-
youreads puanı (10.00)
-
şehit gitarist ümit yılbar için yazılmış pentagram'ın en hüzünlü eseri. yeni çıkan akustik albümünde yerini almış çok güzel bir şarkı. ruhun şad olsun ümit yılbar. şu da çukurova rock festivalinden elektrikli canlı performans
From the vision of the pain
Troygt the corners of the wood
Times you lived your life
Bleddin from it's vains of nails
Lived the pain that never ends
The tree of death
Since you were from the dirth
And raised too high
Of what life is worth
When you ease your brain
See your dreams over
Fence your eager to fly forever
Reaching trough the gun
Role the trigger run
That's no reason to fly...
Forever fly
Few minutes of fallin drops
To dry the streams of your blood
You leave your god
As the mountain on which I close my eyes
To embrace the future of my last -
92-93 yılı idi ve trail blazer albümünü (yani kasetini) aldığımda kasetteki en çarpıcı şarkı fly forever idi. kasetim kaybolduktan sonra yıllarca şarkının peşine düştüm internet mp3'ler bile derman olmamıştı. hatta lake'in dj'liğinde istediğim şarkıdır. kendisi de trail blazer çalarak pas atmıştı. velhasıl bu haber benim için çok güzel ve özel ogün şanlısoy fly forever gibi bir şarkıdan ben de özledim ben de gibii bir sürece girmiş olsa da bu şarkıyı inanılmaz okumuştur.
şehit gitarist için o gün de hüzünlenmiştik 25 sene sonra da aynı duygudayım, inanılmaz dokunaklı bir şarkıdır. -
pentagram'ın en özel şarkılarından biri. sebepleri üstteki iki yorumda zaten bahsedilmiş. demir demirkan'ın attığı sololar adeta kadere isyan eder gibi bir çığlıkla içine dokunuyor insanın. ogün ise acıdan dolayı yaşadığı öfkeyi dışa vuruyor sert vokaliyle. geçen seneki çukurova rock festivalinde de trail blazer albüm kadrosunun tamamı ve metin türkcan (o da live at the trail'da vardı gerçi) bu şarkıyı seslendirmişlerdi. ve performansları gerçekten çok iyiydi.
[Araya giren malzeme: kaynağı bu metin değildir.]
lemma eigenspace_decomposition:
  fixes s :: "'k::field_char_0 \<Rightarrow> 'v::ab_group_add \<Rightarrow> 'v"
  assumes S: "Vector_Spaces.linear s s S"
    and V: "module.subspace s V" "S ` V \<subseteq> V" "\<And>v. v \<in> V \<Longrightarrow> S (S v) = v"
  shows "V = {v \<in> V. S v = v} + {v \<in> V. S v = - v}"
proof -
  interpret linear s s S by (rule S)
  have "v \<in> {v \<in> V. S v = v} + {v \<in> V. S v = - v}" if v: "v \<in> V" for v
  proof -
    define p where "p = s (1/2) (v + S v)"
    define q where "q = s (1/2) (v - S v)"
    have "p \<in> V" "q \<in> V"
      using v V(1,2) by (auto simp: p_def q_def vs1.subspace_add vs1.subspace_diff vs1.subspace_scale)
    moreover have "S p = p" "S q = - q"
      using V(3)[OF v] by (simp_all add: p_def q_def add diff scale add.commute flip: vs1.scale_minus_right)
    moreover have "v = p + q"
      using scale_half_double[OF vs1.vector_space_axioms, of v]
      by (simp add: p_def q_def flip: vs1.scale_right_distrib)
    ultimately show ?thesis by blast
  qed
  moreover have "{v \<in> V. S v = v} + {v \<in> V. S v = - v} \<subseteq> V"
    using V(1) by (auto elim!: set_plus_elim intro: vs1.subspace_add)
  ultimately show ?thesis by blast
qed

lemma linear_image_eigenspaces:
  fixes s1 :: "'k::field_char_0 \<Rightarrow> 'v::ab_group_add \<Rightarrow> 'v"
    and s2 :: "'k \<Rightarrow> 'w::ab_group_add \<Rightarrow> 'w"
  assumes d: "Vector_Spaces.linear s1 s2 d" and S: "Vector_Spaces.linear s1 s1 S"
    and V: "module.subspace s1 V" "S ` V \<subseteq> V" "\<And>v. v \<in> V \<Longrightarrow> S (S v) = v"
    and comm: "\<And>v. v \<in> V \<Longrightarrow> d (S v) = S' (d v)"
  shows "d ` {v \<in> V. S v = v} = {w \<in> d ` V. S' w = w}"
    and "d ` {v \<in> V. S v = - v} = {w \<in> d ` V. S' w = - w}"
proof -
  interpret d: linear s1 s2 d by (rule d)
  interpret S: linear s1 s1 S by (rule S)
  have split: "\<exists>v1 v2. v1 \<in> V \<and> S v1 = v1 \<and> v2 \<in> V \<and> S v2 = - v2 \<and> v = v1 + v2 \<and>
      S' (d v) = d v1 - d v2" if "v \<in> V" for v
  proof -
    have "v \<in> {v \<in> V. S v = v} + {v \<in> V. S v = - v}"
      using that eigenspace_decomposition[OF S V] by simp
    then obtain v1 v2 where v: "v1 \<in> V" "S v1 = v1" "v2 \<in> V" "S v2 = - v2" "v = v1 + v2"
      by (auto elim!: set_plus_elim)
    then have "S' (d v) = d v1 - d v2"
      using comm[OF that] by (simp add: S.add d.add d.diff flip: diff_conv_add_uminus)
    with v show ?thesis by blast
  qed
  show "d ` {v \<in> V. S v = v} = {w \<in> d ` V. S' w = w}"
  proof (intro antisym subsetI)
    fix w assume "w \<in> {w \<in> d ` V. S' w = w}"
    then obtain v where v: "v \<in> V" "w = d v" "S' w = w" by blast
    then obtain v1 v2 where "v1 \<in> V" "S v1 = v1" "v2 \<in> V" "S v2 = - v2" "v = v1 + v2"
        "d v1 - d v2 = d v1 + d v2"
      using split[of v] by (auto simp: d.add)
    moreover have "d v2 = 0"
      using self_neg_eq_zero[OF d.vs2.vector_space_axioms, of "d v2"] \<open>d v1 - d v2 = d v1 + d v2\<close>
      by (metis add_left_cancel diff_conv_add_uminus)
    ultimately show "w \<in> d ` {v \<in> V. S v = v}" using v by (auto simp: d.add)
  qed (auto simp flip: comm)
  show "d ` {v \<in> V. S v = - v} = {w \<in> d ` V. S' w = - w}"
  proof (intro antisym subsetI)
    fix w assume "w \<in> {w \<in> d ` V. S' w = - w}"
    then obtain v where v: "v \<in> V" "w = d v" "S' w = - w" by blast
    then obtain v1 v2 where "v1 \<in> V" "S v1 = v1" "v2 \<in> V" "S v2 = - v2" "v = v1 + v2"
        "d v1 - d v2 = - (d v1 + d v2)"
      using split[of v] by (auto simp: d.add)
    moreover have "d v1 = 0"
      using self_neg_eq_zero[OF d.vs2.vector_space_axioms, of "d v1"] \<open>d v1 - d v2 = - (d v1 + d v2)\<close>
      by (metis add_diff_cancel_right' add_uminus_conv_diff minus_add_distrib)
    ultimately show "w \<in> d ` {v \<in> V. S v = - v}" using v by (auto simp: d.add)
  qed (auto simp: d.neg simp flip: comm)
qed

section \<open>Quotients of spaces of cochains\<close>

lemma fadd_eq_plus: "fadd f g = f + g"
  by (simp add: fadd_def plus_fun_def)

lemma quot_eq_image: "quot Z B = (\<lambda>z. z +o B) ` Z"
  unfolding quot_def coset_def elt_set_plus_def fadd_eq_plus by blast

lemma qadd_eq_plus: "qadd X Y = X + Y"
  unfolding qadd_def set_plus_def fadd_eq_plus by blast

lemma qscale_eq_plus: "qscale sA B c X = fscale sA c ` X + B"
  unfolding qscale_def set_plus_def fadd_eq_plus by blast

lemma cocycles_eq: "cocycles la ra T C n = {f \<in> C n. dT la ra T n f = 0}"
  by (simp add: cocycles_def zero_fun_def)

lemma coboundaries_0: "coboundaries la ra T C 0 = {0}"
  by (simp add: coboundaries_def zero_fun_def)

lemma coboundaries_Suc: "coboundaries la ra T C (Suc n) = dT la ra T n ` C n"
  by (simp add: coboundaries_def)

lemma imcochains_eq:
  "imcochains sA sM starA starM n = {f \<in> cochains sA sM n. S_op starA starM n f = - f}"
  by (simp add: imcochains_def fun_Compl_def)

lemma vector_space_fscale: "vector_space s \<Longrightarrow> vector_space (fscale s)"
  unfolding vector_space_def fscale_def by (simp add: fun_eq_iff)

(* B1 \<subseteq> Z1 and B2 \<subseteq> Z2 are not assumed. *)
lemma quot_iso_sum_if_independent:
  fixes sA :: "'k::field \<Rightarrow> 'a::ring \<Rightarrow> 'a" and Z1 Z2 B1 B2 :: "('m list \<Rightarrow> 'a) set"
  assumes vs: "vector_space sA"
    and sub: "module.subspace (fscale sA) Z1" "module.subspace (fscale sA) Z2"
      "module.subspace (fscale sA) B1" "module.subspace (fscale sA) B2"
    and indep: "(Z1 + B1) \<inter> (Z2 + B2) = {0}"
  shows "quot_iso_sum sA (Z1 + Z2) (B1 + B2) Z1 B1 Z2 B2"
proof -
  interpret F: vector_space "fscale sA :: 'k \<Rightarrow> ('m list \<Rightarrow> 'a) \<Rightarrow> _"
    by (rule vector_space_fscale[OF vs])
  define \<Psi> where "\<Psi> = (\<lambda>(X, Y). X + Y :: ('m list \<Rightarrow> 'a) set)"
  have \<Psi>_coset: "\<Psi> (z1 +o B1, z2 +o B2) = (z1 + z2) +o (B1 + B2)" for z1 z2
    by (simp add: \<Psi>_def set_plus_rearrange)
  have inj: "inj_on \<Psi> (quot Z1 B1 \<times> quot Z2 B2)"
  proof (rule inj_onI, clarsimp simp: quot_eq_image)
    fix z1 z2 z1' z2'
    assume z: "z1 \<in> Z1" "z2 \<in> Z2" "z1' \<in> Z1" "z2' \<in> Z2"
      and "\<Psi> (z1 +o B1, z2 +o B2) = \<Psi> (z1' +o B1, z2' +o B2)"
    then have "(z1 + z2) - (z1' + z2') \<in> B1 + B2"
      using F.coset_eq_iff[OF F.subspace_set_plus[OF sub(3,4)]] by (simp add: \<Psi>_coset)
    then obtain b1 b2 where b: "b1 \<in> B1" "b2 \<in> B2" "(z1 + z2) - (z1' + z2') = b1 + b2"
      by (auto elim: set_plus_elim)
    define w where "w = (z1 - z1') - b1"
    have "(z1 - z1') + - b1 \<in> Z1 + B1"
      using z b sub by (intro set_plus_intro F.subspace_diff F.subspace_neg)
    moreover have "(z2' - z2) + b2 \<in> Z2 + B2"
      using z b sub by (intro set_plus_intro F.subspace_diff)
    moreover have "w = (z1 - z1') + - b1" "w = (z2' - z2) + b2"
      using b(3) by (simp_all add: w_def algebra_simps)
    ultimately have "w \<in> (Z1 + B1) \<inter> (Z2 + B2)" by simp
    then have "w = 0" using indep by simp
    then have "z1 - z1' \<in> B1" "z2 - z2' \<in> B2" using b by (auto simp: w_def algebra_simps)
    then show "z1 +o B1 = z1' +o B1 \<and> z2 +o B2 = z2' +o B2"
      using F.coset_eq_iff[OF sub(3)] F.coset_eq_iff[OF sub(4)] by simp
  qed
  have onto: "\<Psi> ` (quot Z1 B1 \<times> quot Z2 B2) = quot (Z1 + Z2) (B1 + B2)"
  proof (intro equalityI subsetI)
    fix X assume "X \<in> \<Psi> ` (quot Z1 B1 \<times> quot Z2 B2)"
    then obtain z1 z2 where "z1 \<in> Z1" "z2 \<in> Z2" "X = (z1 + z2) +o (B1 + B2)"
      by (auto simp: quot_eq_image \<Psi>_coset)
    then show "X \<in> quot (Z1 + Z2) (B1 + B2)" by (auto simp: quot_eq_image)
  next
    fix X assume "X \<in> quot (Z1 + Z2) (B1 + B2)"
    then obtain z1 z2 where "z1 \<in> Z1" "z2 \<in> Z2" "X = (z1 + z2) +o (B1 + B2)"
      by (auto simp: quot_eq_image elim!: set_plus_elim)
    then have "X = \<Psi> (z1 +o B1, z2 +o B2)" "(z1 +o B1, z2 +o B2) \<in> quot Z1 B1 \<times> quot Z2 B2"
      by (simp_all add: \<Psi>_coset quot_eq_image)
    then show "X \<in> \<Psi> ` (quot Z1 B1 \<times> quot Z2 B2)" by (metis image_eqI)
  qed
  have add: "\<Psi> (qadd X X', qadd Y Y') = qadd (\<Psi> (X, Y)) (\<Psi> (X', Y'))" for X X' Y Y'
    by (simp add: \<Psi>_def qadd_eq_plus ac_simps)
  have scale: "\<Psi> (qscale sA B1 c X, qscale sA B2 c Y) = qscale sA (B1 + B2) c (\<Psi> (X, Y))" for c X Y
    by (simp add: \<Psi>_def qscale_eq_plus F.scale_image_set_plus ac_simps)
  have "bij_betw \<Psi> (quot Z1 B1 \<times> quot Z2 B2) (quot (Z1 + Z2) (B1 + B2))"
    using inj onto by (simp add: bij_betw_def)
  then show ?thesis
    unfolding quot_iso_sum_def by (intro exI[of _ \<Psi>] conjI ballI allI add scale)
qed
bu şarkının bir de akustik hali yayınlandı. 2017'de yayınlanan akustik albümünün en etkileyici şarkılarından biri bu sanırım. vokal tamamen temiz ve hüzünlü, altyapı tamamen sakin. demir'in solosunda gitarı ağlarcasına hüzünlü bir tonda. 25 yıl öncekinin tam aksi. bu akşam üst üste kaçıncıya dinliyorum bilmiyorum ama dinledikçe dinleyesi geliyor insanın.